Saved data entries:
__________
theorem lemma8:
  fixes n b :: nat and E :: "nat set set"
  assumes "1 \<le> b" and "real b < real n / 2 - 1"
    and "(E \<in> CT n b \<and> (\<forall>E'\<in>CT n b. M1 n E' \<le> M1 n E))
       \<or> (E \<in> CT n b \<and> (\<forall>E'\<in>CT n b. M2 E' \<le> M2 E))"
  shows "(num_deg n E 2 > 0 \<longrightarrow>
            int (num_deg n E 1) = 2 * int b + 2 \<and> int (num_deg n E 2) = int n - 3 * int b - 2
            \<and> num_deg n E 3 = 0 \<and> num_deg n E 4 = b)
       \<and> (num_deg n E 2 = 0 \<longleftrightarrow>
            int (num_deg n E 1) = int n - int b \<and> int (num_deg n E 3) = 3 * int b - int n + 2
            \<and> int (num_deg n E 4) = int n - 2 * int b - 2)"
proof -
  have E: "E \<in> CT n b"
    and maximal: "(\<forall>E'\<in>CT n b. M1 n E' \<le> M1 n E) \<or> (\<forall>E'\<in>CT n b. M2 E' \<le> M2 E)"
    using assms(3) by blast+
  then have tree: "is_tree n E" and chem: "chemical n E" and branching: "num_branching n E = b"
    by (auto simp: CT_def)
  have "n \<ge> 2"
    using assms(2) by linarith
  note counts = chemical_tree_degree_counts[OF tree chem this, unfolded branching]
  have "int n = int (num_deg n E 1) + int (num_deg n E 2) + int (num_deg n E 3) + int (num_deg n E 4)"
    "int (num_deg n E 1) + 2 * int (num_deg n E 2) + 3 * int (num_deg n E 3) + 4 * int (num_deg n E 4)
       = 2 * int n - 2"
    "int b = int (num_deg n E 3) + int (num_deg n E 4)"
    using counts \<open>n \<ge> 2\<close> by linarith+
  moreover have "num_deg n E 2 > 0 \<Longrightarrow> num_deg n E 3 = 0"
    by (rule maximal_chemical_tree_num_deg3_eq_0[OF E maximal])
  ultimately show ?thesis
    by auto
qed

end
__________
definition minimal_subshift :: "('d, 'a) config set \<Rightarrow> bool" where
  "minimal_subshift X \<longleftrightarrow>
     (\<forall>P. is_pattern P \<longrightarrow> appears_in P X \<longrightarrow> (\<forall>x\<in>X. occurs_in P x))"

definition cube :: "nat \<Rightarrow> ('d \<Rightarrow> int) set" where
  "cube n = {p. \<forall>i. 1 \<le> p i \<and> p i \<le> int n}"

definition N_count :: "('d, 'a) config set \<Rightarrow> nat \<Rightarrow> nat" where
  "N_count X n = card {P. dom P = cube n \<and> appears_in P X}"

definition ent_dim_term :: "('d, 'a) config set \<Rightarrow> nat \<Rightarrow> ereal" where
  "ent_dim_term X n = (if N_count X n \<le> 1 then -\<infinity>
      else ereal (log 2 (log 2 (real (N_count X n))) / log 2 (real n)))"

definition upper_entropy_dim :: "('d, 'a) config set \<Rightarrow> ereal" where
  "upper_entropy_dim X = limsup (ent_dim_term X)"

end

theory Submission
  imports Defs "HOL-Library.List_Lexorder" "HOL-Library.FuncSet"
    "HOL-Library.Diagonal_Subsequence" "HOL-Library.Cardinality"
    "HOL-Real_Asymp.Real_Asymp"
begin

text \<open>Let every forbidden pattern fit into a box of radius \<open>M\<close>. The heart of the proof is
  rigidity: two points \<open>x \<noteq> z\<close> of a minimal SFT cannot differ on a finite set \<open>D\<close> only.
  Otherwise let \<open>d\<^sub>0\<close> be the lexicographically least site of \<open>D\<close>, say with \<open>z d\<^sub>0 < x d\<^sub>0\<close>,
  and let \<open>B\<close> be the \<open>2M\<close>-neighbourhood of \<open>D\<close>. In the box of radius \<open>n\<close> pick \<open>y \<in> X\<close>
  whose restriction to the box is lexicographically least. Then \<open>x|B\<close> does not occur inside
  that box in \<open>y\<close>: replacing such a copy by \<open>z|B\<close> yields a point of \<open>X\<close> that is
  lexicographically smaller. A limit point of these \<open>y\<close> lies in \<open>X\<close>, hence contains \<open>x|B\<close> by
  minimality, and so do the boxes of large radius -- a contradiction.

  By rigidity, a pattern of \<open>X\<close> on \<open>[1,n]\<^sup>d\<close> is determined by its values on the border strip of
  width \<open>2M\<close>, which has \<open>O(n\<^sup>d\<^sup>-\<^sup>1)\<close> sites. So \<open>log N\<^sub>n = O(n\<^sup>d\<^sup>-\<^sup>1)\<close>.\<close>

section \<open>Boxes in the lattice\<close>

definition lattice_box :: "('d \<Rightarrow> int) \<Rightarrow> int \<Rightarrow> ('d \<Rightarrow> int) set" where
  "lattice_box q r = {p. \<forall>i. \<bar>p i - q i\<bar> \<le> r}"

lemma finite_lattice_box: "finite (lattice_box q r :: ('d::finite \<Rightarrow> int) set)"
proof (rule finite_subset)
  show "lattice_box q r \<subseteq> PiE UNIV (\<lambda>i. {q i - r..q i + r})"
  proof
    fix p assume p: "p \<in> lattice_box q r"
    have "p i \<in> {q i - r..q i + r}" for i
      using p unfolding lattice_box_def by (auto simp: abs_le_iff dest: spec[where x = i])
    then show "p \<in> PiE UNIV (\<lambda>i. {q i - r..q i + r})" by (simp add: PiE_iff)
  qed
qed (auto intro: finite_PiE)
__________
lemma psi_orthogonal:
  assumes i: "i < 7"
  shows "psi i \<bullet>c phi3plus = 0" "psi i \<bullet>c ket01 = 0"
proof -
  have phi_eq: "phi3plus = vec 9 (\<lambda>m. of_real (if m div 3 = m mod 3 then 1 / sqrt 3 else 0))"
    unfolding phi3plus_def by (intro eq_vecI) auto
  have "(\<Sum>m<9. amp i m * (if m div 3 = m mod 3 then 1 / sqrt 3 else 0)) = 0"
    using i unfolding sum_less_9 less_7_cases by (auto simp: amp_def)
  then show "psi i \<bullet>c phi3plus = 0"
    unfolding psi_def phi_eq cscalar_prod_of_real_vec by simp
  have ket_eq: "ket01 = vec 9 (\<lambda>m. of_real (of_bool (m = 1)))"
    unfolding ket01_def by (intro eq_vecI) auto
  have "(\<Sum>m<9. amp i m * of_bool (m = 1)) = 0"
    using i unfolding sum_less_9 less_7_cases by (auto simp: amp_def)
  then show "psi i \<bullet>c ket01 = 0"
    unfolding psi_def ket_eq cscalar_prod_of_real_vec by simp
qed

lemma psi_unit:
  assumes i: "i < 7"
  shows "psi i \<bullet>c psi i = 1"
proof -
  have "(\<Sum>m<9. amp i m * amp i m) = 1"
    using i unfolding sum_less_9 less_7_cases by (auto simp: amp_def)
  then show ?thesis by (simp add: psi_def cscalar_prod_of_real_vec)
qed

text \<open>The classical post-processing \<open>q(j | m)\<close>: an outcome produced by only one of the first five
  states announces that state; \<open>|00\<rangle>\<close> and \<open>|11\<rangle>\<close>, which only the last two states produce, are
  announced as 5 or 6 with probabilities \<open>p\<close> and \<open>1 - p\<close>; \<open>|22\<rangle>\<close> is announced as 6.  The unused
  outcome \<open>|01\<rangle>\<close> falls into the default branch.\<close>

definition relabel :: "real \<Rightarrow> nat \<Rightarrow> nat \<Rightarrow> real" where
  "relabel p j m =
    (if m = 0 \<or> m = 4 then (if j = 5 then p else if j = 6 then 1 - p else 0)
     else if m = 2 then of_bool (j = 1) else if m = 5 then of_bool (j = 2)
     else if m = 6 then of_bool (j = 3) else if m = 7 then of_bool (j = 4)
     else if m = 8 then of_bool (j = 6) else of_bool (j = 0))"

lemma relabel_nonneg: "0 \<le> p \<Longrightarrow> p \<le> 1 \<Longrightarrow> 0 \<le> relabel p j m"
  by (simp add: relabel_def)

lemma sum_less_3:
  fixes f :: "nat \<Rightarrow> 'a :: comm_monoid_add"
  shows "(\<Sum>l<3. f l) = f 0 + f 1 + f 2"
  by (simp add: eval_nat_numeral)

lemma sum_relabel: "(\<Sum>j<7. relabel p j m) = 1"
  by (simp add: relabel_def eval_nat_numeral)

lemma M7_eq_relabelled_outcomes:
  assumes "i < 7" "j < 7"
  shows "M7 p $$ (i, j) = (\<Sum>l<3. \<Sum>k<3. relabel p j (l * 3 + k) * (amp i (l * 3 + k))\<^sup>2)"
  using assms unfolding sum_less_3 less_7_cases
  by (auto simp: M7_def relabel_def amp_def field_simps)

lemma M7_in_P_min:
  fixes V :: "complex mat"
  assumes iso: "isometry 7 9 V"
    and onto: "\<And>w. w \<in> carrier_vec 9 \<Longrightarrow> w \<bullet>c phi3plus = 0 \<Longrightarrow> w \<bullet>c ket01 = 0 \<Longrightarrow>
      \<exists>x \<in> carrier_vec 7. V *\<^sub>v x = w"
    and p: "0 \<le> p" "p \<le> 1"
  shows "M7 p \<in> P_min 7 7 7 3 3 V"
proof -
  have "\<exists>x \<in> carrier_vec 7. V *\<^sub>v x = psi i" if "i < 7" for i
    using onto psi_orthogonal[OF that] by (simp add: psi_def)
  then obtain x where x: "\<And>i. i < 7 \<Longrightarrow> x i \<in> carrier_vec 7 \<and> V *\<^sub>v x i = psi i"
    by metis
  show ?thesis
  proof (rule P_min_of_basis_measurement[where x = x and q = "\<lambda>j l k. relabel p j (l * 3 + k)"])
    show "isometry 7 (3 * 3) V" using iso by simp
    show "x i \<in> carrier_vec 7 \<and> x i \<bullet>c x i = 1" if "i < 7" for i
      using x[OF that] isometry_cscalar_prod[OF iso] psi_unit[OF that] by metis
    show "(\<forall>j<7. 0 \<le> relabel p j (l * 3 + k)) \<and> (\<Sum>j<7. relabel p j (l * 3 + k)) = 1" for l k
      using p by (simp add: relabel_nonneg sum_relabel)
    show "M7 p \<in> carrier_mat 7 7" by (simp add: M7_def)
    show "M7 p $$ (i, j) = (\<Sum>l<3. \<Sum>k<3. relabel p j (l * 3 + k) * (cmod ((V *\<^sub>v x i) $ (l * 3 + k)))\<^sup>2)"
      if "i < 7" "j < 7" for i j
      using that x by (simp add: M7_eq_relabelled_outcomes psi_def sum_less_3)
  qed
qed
__________
__Exercise description__
What lines above contain the string "into"? Copy all of them.

__Finished exercise__
text \<open>Let every forbidden pattern fit into a box of radius \<open>M\<close>. The heart of the proof is
  outcome \<open>|01\<rangle>\<close> falls into the default branch.\<close>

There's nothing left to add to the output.